* _Activity_
Start at the line with "powr \<alpha> \<le> real" in the records below, stop at the line with "with global assms(8) show ?thesis", and return every line in that span exactly, the two end lines included.

* _Items listed in a dataset_

******

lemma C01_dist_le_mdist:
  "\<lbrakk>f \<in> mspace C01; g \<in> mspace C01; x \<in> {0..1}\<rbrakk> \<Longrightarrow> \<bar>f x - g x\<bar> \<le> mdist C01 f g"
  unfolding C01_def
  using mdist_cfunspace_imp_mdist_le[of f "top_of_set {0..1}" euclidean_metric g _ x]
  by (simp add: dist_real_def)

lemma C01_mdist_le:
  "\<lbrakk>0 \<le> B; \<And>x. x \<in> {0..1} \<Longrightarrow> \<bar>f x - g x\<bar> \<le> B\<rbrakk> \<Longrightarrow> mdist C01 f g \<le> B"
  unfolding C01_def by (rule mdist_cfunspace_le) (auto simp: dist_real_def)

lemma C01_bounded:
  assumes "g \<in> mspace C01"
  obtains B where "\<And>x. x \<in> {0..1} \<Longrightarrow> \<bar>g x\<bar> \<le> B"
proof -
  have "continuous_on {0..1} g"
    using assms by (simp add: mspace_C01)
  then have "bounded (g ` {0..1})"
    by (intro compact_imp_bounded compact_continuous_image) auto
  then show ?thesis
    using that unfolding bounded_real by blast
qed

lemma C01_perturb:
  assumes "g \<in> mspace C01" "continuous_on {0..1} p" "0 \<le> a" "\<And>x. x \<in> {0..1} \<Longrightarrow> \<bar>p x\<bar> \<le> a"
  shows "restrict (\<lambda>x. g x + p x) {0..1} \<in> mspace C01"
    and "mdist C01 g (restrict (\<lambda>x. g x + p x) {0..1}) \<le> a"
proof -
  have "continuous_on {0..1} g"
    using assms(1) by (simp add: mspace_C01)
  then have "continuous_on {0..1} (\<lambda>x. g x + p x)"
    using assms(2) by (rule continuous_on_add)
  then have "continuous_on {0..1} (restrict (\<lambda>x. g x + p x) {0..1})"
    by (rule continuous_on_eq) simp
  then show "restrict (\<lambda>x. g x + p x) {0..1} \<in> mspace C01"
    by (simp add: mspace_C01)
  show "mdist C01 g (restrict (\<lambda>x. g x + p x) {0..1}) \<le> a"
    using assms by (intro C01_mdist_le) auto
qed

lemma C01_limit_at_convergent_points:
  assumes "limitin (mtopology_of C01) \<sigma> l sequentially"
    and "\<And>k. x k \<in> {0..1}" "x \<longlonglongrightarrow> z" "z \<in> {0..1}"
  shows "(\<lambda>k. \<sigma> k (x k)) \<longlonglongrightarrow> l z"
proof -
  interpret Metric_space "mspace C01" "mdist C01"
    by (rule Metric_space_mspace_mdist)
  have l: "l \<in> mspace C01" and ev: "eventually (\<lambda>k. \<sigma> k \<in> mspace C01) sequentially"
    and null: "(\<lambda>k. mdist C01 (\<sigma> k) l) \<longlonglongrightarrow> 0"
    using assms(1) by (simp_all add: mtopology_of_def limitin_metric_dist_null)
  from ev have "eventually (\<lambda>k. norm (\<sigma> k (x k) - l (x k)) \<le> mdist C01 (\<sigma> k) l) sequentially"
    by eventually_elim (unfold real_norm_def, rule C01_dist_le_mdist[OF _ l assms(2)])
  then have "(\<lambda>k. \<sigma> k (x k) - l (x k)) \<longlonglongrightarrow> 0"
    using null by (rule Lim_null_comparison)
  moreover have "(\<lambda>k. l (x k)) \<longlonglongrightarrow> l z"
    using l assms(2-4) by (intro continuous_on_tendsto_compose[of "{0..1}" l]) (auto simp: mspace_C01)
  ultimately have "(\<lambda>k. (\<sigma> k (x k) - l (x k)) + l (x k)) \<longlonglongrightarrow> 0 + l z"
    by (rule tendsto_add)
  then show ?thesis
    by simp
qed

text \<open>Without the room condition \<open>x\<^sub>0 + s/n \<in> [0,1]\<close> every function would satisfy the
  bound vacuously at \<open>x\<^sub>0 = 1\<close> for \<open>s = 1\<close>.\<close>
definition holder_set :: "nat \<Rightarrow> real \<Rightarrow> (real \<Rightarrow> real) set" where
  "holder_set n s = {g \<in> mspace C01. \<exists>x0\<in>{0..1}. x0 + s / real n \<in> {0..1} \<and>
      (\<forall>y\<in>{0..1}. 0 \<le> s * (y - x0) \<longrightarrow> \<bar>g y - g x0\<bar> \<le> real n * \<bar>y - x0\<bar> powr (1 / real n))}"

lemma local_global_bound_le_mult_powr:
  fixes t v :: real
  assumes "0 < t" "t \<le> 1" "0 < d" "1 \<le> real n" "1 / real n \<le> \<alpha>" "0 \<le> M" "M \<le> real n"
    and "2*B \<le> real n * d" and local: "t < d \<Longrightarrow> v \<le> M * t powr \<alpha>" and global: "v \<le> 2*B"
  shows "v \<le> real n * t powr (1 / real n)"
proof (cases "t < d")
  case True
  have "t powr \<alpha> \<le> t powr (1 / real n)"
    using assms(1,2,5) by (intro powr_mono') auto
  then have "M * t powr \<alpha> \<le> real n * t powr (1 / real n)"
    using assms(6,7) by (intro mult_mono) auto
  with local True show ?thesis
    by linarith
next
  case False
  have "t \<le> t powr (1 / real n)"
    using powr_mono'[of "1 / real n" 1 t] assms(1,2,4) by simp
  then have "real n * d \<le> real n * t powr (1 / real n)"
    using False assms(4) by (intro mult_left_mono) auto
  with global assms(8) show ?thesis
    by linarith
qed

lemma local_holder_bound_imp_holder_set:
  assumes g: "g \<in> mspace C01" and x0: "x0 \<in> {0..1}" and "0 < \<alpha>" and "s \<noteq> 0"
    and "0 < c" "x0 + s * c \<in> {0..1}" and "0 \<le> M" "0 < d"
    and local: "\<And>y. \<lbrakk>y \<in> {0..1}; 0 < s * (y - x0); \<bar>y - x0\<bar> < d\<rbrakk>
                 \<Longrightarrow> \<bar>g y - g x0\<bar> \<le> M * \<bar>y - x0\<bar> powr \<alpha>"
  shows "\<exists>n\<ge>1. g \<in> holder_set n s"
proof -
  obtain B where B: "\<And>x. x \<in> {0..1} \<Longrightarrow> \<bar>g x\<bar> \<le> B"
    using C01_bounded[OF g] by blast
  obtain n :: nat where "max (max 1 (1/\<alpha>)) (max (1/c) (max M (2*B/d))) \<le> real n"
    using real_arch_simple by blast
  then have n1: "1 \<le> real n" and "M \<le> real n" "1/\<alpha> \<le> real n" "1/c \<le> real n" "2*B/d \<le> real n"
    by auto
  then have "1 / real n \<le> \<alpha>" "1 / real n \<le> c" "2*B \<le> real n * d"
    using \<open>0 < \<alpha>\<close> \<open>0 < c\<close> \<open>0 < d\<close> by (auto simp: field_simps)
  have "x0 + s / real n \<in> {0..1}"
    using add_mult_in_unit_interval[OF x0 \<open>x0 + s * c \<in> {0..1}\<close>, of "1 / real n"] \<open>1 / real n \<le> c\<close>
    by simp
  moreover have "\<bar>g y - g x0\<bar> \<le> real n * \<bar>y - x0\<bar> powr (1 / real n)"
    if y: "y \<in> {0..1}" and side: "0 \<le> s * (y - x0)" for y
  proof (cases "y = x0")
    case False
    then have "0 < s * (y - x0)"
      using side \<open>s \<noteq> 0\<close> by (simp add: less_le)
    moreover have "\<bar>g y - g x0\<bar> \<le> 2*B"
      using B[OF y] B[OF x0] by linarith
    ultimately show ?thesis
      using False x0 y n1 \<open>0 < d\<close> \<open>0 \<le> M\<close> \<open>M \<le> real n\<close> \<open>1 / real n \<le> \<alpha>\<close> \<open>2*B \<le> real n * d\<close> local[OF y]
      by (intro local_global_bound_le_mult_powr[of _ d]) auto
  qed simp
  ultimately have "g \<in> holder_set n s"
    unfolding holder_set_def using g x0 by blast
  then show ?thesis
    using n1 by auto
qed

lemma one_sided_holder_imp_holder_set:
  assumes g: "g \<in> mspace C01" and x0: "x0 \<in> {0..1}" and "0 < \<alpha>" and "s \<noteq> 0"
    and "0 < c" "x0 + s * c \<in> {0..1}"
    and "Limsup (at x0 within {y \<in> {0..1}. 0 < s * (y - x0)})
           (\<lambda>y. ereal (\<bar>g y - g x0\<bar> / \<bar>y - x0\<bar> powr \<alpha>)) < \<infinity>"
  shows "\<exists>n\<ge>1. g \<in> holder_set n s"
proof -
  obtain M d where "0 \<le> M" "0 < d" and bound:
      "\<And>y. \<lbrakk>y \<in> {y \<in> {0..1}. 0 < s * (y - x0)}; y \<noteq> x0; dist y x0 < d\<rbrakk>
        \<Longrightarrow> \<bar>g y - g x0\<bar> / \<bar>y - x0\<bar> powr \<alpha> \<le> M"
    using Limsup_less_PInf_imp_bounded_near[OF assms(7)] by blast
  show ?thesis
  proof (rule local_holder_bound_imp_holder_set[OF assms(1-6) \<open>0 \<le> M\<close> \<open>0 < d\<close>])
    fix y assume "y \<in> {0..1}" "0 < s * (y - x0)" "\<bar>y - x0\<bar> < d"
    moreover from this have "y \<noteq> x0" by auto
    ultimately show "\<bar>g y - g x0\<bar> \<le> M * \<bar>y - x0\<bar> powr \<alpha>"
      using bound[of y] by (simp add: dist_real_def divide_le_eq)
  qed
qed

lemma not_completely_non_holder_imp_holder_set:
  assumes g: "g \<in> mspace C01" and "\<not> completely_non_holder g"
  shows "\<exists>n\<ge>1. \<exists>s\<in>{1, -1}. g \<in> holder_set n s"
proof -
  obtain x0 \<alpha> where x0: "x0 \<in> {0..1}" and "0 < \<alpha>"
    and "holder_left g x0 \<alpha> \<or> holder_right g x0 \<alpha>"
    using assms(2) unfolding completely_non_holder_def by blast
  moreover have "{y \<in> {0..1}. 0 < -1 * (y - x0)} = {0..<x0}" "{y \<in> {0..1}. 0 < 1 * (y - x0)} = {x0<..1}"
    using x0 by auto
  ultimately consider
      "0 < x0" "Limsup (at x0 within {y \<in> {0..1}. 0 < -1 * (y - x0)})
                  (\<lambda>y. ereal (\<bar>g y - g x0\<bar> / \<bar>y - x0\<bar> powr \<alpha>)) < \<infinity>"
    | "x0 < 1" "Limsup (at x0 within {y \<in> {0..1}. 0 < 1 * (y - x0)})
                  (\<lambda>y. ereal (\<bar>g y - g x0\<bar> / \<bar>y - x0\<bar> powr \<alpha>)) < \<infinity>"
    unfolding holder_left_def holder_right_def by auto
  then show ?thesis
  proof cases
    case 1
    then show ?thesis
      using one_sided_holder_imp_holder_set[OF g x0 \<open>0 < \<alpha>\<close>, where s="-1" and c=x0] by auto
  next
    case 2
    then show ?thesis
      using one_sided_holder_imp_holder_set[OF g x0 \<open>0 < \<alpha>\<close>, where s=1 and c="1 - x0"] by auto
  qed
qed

******

* _Written response_
  then have "M * t powr \<alpha> \<le> real n * t powr (1 / real n)"
    using assms(6,7) by (intro mult_mono) auto
  with local True show ?thesis
    by linarith
next
  case False
  have "t \<le> t powr (1 / real n)"
    using powr_mono'[of "1 / real n" 1 t] assms(1,2,4) by simp
  then have "real n * d \<le> real n * t powr (1 / real n)"
    using False assms(4) by (intro mult_left_mono) auto
  with global assms(8) show ?thesis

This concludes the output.